Cavities can be a tricky decision to make because they can cause a great deal of discomfort and do pose some risk to fertility and the development of a fetus. Metal fillings are composed of a mixture of alloys and liquid mercury. Fifty percent of the mixture is elemental mercury. The Food and Drug Administration find that it is a class II device, which means it has more risk than lower classifications. It’s the vapor the fillings give off that is troublesome, since it contains mercury. The exposure to the mercury is highest when the filling is placed and when it is removed and reduces afterward.
“While pregnant it’s best to avoid high levels of mercury because of its harmful effects on the fetus.
We recommend to postpone having several silver fillings removed while pregnant and to avoid certain types of seafood with high mercury content.”
Mercury can affect fertility for men and women making TTC more difficult. Mercury can affect sperm by lowering the zinc and manganese in them, which is what controls mobility. This can make it more difficult for the sperm to reach the egg. Sperm can also carry mercury and if the woman is hypersensitive to it, her body can kill off the sperm thinking it’s a threat.
For women, mercury alters hormone levels. It accumulates in the hypothalamus and pituitary, which is where the glands are for hormone production. This can cause a lot of problems with the menstrual cycle, hypomenorrhea, and hypermenorrhea.
When a filling is needed during TTC, ask the dentist for resin composite fillings. These are made of ceramic and plastic compounds. This may cost more money than the metal ones, but it may be worth it to help with trying to conceive. If you have many fillings already, you may want to consider having the metal ones replaced with the resin composite, which could decrease the amount of mercury in your blood.
Whenever you have a dental procedure, anesthesia may be a concern. While the biggest risk is for those who work with anesthesia, since the exposure is much more than those who receive it for a short time in a dentist’s chair, some of you may want to forego it if it is not necessary.
For those who work in dental offices, there have been reports of reduced fertility. Many dental procedures can be performed with Novocain. Since it is a local anesthetic, there is no risk to fertility.
You should always tell your dentist you are TTC because as you probably have already been made aware, it is inadvisable to have dental x-rays during it. While it is safe when they use the protective cover on your stomach and chest, some women feel better not having the x-ray at all, and most dentists will honor that request.
Dental Precautions to Take During Pregnancy
Let your dental office know once you are pregnant and how far along you are when you make your appointment. Let them know what medications you’re taking as well or if you have a high-risk pregnancy. Your dentist and physician may recommend that some treatments be postponed.
Dental Risks While Pregnant
There are some dental risks to be aware if you are pregnant or planning to get pregnant. Periodontal disease is one of the biggest risks during pregnancy. According to the Center for Disease Control, nearly 60 to 75 percent of pregnant women have gingivitis, which is an early stage of periodontal disease. During pregnancy, hormones rise which causes gums to swell and bleed, increasing the likelihood of food getting trapped in them. This irritates your gums, which can lead to severe oral issues such as gingivitis and periodontal disease. These oral infections can cause serious harm to your baby including premature birth. Actually, up to 18 out of 100 premature births are believed to be triggered by periodontal disease.

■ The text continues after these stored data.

text \<open>The data (E, xi, tau, delta, alpha) make N a semi-free DG B-module:
  beta bounded below, the maps are R-linear of the stated degrees, and with the
  given B-action, dN is a differential satisfying the Leibniz rule (the
  underlying graded B-module is free on the basis of M, hence semi-free since
  beta_i = 0 for i << 0).\<close>

definition semifree_N :: "('r::comm_ring_1 \<Rightarrow> 'a \<Rightarrow> 'a) \<Rightarrow> (int \<Rightarrow> 'a set) \<Rightarrow> ('a \<Rightarrow> 'a \<Rightarrow> 'a)
     \<Rightarrow> ('a \<Rightarrow> 'a) \<Rightarrow> 'r \<Rightarrow> (int \<Rightarrow> 'e set)
     \<Rightarrow> (int \<Rightarrow> ('e, 'a) melt \<Rightarrow> ('e, 'a) melt) \<Rightarrow> (int \<Rightarrow> ('e, 'a) melt \<Rightarrow> ('e, 'a) melt)
     \<Rightarrow> (int \<Rightarrow> ('e, 'a) melt \<Rightarrow> ('e, 'a) melt) \<Rightarrow> (int \<Rightarrow> ('e, 'a::ab_group_add) melt \<Rightarrow> ('e, 'a) melt)
     \<Rightarrow> bool" where
  "semifree_N scA Ac mulA dA t E \<xi> \<tau> \<delta> \<alpha> \<longleftrightarrow>
     (\<exists>k0. \<forall>k<k0. E k = {}) \<and>
     (\<forall>i. rlin (scM scA) (scM scA) (Mcar Ac E i) (Mcar Ac E (i - 1)) (\<xi> i)) \<and>
     (\<forall>i. rlin (scM scA) (scM scA) (Mcar Ac E i) (Mcar Ac E i) (\<tau> i)) \<and>
     (\<forall>i. rlin (scM scA) (scM scA) (Mcar Ac E i) (Mcar Ac E (i - 2)) (\<delta> i)) \<and>
     (\<forall>i. rlin (scM scA) (scM scA) (Mcar Ac E i) (Mcar Ac E (i - 1)) (\<alpha> i)) \<and>
     (\<forall>i. \<forall>n\<in>Ncar Ac E i. dN \<xi> \<tau> \<delta> \<alpha> (i - 1) (dN \<xi> \<tau> \<delta> \<alpha> i n) = 0) \<and>
     (\<forall>i j. \<forall>b\<in>Bcar Ac i. \<forall>n\<in>Ncar Ac E j.
        dN \<xi> \<tau> \<delta> \<alpha> (i + j) (actN mulA i b n) =
          actN mulA (i - 1) (dB scA dA t b) n + sgnx i (actN mulA i b (dN \<xi> \<tau> \<delta> \<alpha> j n)))"

text \<open>A homomorphism of R-complexes of degree p is a family of R-linear maps
  S_i : N_i \<rightarrow> N'_(i+p) (no compatibility with differentials); it is a DG
  B-module homomorphism if moreover S(bn) = (-1)^(p|b|) b S(n).\<close>

definition rcomplex_hom :: "('r \<Rightarrow> 'a \<Rightarrow> 'a) \<Rightarrow> (int \<Rightarrow> 'a::ab_group_add set) \<Rightarrow> (int \<Rightarrow> 'e set)
     \<Rightarrow> (int \<Rightarrow> 'f set) \<Rightarrow> int
     \<Rightarrow> (int \<Rightarrow> ('e, 'a) melt \<times> ('e, 'a) melt \<Rightarrow> ('f, 'a) melt \<times> ('f, 'a) melt) \<Rightarrow> bool" where
  "rcomplex_hom scA Ac E E' p S \<longleftrightarrow>
     (\<forall>i. rlin (scN scA) (scN scA) (Ncar Ac E i) (Ncar Ac E' (i + p)) (S i))"

definition dg_hom :: "('r \<Rightarrow> 'a \<Rightarrow> 'a) \<Rightarrow> (int \<Rightarrow> 'a::ab_group_add set) \<Rightarrow> ('a \<Rightarrow> 'a \<Rightarrow> 'a)
     \<Rightarrow> (int \<Rightarrow> 'e set) \<Rightarrow> (int \<Rightarrow> 'f set) \<Rightarrow> int
     \<Rightarrow> (int \<Rightarrow> ('e, 'a) melt \<times> ('e, 'a) melt \<Rightarrow> ('f, 'a) melt \<times> ('f, 'a) melt) \<Rightarrow> bool" where
  "dg_hom scA Ac mulA E E' p S \<longleftrightarrow>
     rcomplex_hom scA Ac E E' p S \<and>
     (\<forall>i j. \<forall>b\<in>Bcar Ac i. \<forall>n\<in>Ncar Ac E j.
        S (i + j) (actN mulA i b n) = sgnx (p * i) (actN mulA i b (S j n)))"

end

theory Submission
  imports Defs
begin

text \<open>Acting with the Koszul generator (1, 0) in B_1 moves the second column of S to the first,
  which forces the upper triangular shape with diagonal entries (-1)^p z_(i-1) and z_i;
  acting with (0, a) for a in A_i yields the two commutation rules for v and z.  Conversely the
  rules, once known on the basis of A_i, extend to all of A_i by R-linearity in a, and then
  S(bn) = (-1)^(p|b|) b S(n) is a direct sign computation on the matrix form.\<close>

lemma sgnx_zero [simp]: "sgnx k 0 = 0"
  by (simp add: sgnx_def)

lemma sgnx_add: "sgnx k (x + y) = sgnx k x + sgnx k y"
  by (simp add: sgnx_def)

lemma sgnx_sgnx: "sgnx k (sgnx l x) = sgnx (k + l) x"
  by (simp add: sgnx_def)

lemma sgnx_Pair: "sgnx k (a, b) = (sgnx k a, sgnx k b)"
  by (simp add: sgnx_def)

lemma rlin_add: "rlin sc sc' X Y f \<Longrightarrow> x \<in> X \<Longrightarrow> y \<in> X \<Longrightarrow> f (x + y) = f x + f y"
  by (simp add: rlin_def)

lemma rlin_scale: "rlin sc sc' X Y f \<Longrightarrow> x \<in> X \<Longrightarrow> f (sc c x) = sc' c (f x)"
  by (simp add: rlin_def)

lemma rlin_mem: "rlin sc sc' X Y f \<Longrightarrow> x \<in> X \<Longrightarrow> f x \<in> Y"
  by (auto simp: rlin_def)

lemma rlin_uminus:
  assumes f: "rlin sc sc' X Y f" and "x \<in> X" "- x \<in> X" "0 \<in> X"
  shows "f (- x) = - f x"
proof -
  have "f 0 = 0" using rlin_add[OF f \<open>0 \<in> X\<close> \<open>0 \<in> X\<close>] by simp
  moreover have "f 0 = f x + f (- x)" using rlin_add[OF f \<open>x \<in> X\<close> \<open>- x \<in> X\<close>] by simp
  ultimately show ?thesis by (simp add: eq_neg_iff_add_eq_0 add.commute)
qed

lemma rlin_sgnx: "rlin sc sc' X Y f \<Longrightarrow> x \<in> X \<Longrightarrow> - x \<in> X \<Longrightarrow> 0 \<in> X \<Longrightarrow> f (sgnx k x) = sgnx k (f x)"
  by (simp add: sgnx_def rlin_uminus)

lemma rlin_fst:
  "rlin sc (scN scA) X (Y \<times> Z) f \<Longrightarrow> rlin sc (scM scA) X Y (\<lambda>x. fst (f x))"
  by (fastforce simp: rlin_def scN_def)

lemma rlin_snd:
  "rlin sc (scN scA) X (Y \<times> Z) f \<Longrightarrow> rlin sc (scM scA) X Z (\<lambda>x. snd (f x))"
  by (fastforce simp: rlin_def scN_def)

lemma eq_on_span_if_additive_homogeneous:
  fixes L1 L2 :: "'a::ab_group_add \<Rightarrow> 'b::ab_group_add"
  assumes md: "module scA" and sub: "module.subspace scA A"
    and span: "module.span scA G = A" and "G \<subseteq> A"
    and add1: "\<forall>a\<in>A. \<forall>b\<in>A. L1 (a + b) = L1 a + L1 b"
    and add2: "\<forall>a\<in>A. \<forall>b\<in>A. L2 (a + b) = L2 a + L2 b"
    and scale1: "\<forall>c. \<forall>a\<in>A. L1 (scA c a) = sc c (L1 a)"
    and scale2: "\<forall>c. \<forall>a\<in>A. L2 (scA c a) = sc c (L2 a)"
    and on_G: "\<forall>g\<in>G. L1 g = L2 g"
    and "a \<in> A"
  shows "L1 a = L2 a"
proof -
  have zero: "0 \<in> A" and add: "\<And>x y. x \<in> A \<Longrightarrow> y \<in> A \<Longrightarrow> x + y \<in> A"
    and scale: "\<And>c x. x \<in> A \<Longrightarrow> scA c x \<in> A"
    using sub md by (auto simp: module.subspace_def)
  have "L1 0 = 0" "L2 0 = 0"
    using add1 add2 zero by (metis add_cancel_left_left add_0)+
  then have base: "0 \<in> A \<and> L1 0 = L2 0" using zero by simp
  have step: "scA c x + y \<in> A \<and> L1 (scA c x + y) = L2 (scA c x + y)"
    if "x \<in> G" "y \<in> A \<and> L1 y = L2 y" for c x y
  proof -
    have "x \<in> A" using that \<open>G \<subseteq> A\<close> by auto
    then show ?thesis
      using that add scale add1 add2 scale1 scale2 on_G by simp
  qed
  have "a \<in> module.span scA G" using span \<open>a \<in> A\<close> by simp
  then have "a \<in> A \<and> L1 a = L2 a"
    by (rule module.span_induct_alt[OF md, where h = "\<lambda>a. a \<in> A \<and> L1 a = L2 a"])
       (use base step in auto)
  then show ?thesis by simp
qed

definition hom_z :: "(int \<Rightarrow> 'm \<times> 'm \<Rightarrow> 'n \<times> 'n) \<Rightarrow> int \<Rightarrow> 'm::zero \<Rightarrow> 'n" where
  "hom_z S i y = snd (S i (0, y))"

If gingivitis is not treated, the gums can become infected and the bone that supports the teeth can be lost. Without this, teeth can become loose and may have to be extracted.
Periodontitis has also been associated with poor pregnancy outcomes including preterm birth and low birth weight. However, these adverse outcomes have not been fully explored and are not completely understood yet.
A woman who is pregnant may also be more prone to cavities. This can be due to eating more carbohydrates than usual, or morning sickness. Morning Sickness can increase the amount of acid your mouth is exposed to, which can eat away at your tooth’s enamel.
“It’s important to attempt to swish with water or better yet a teaspoon of baking soda with a 6 oz glass of water after an acidic attack like vomiting.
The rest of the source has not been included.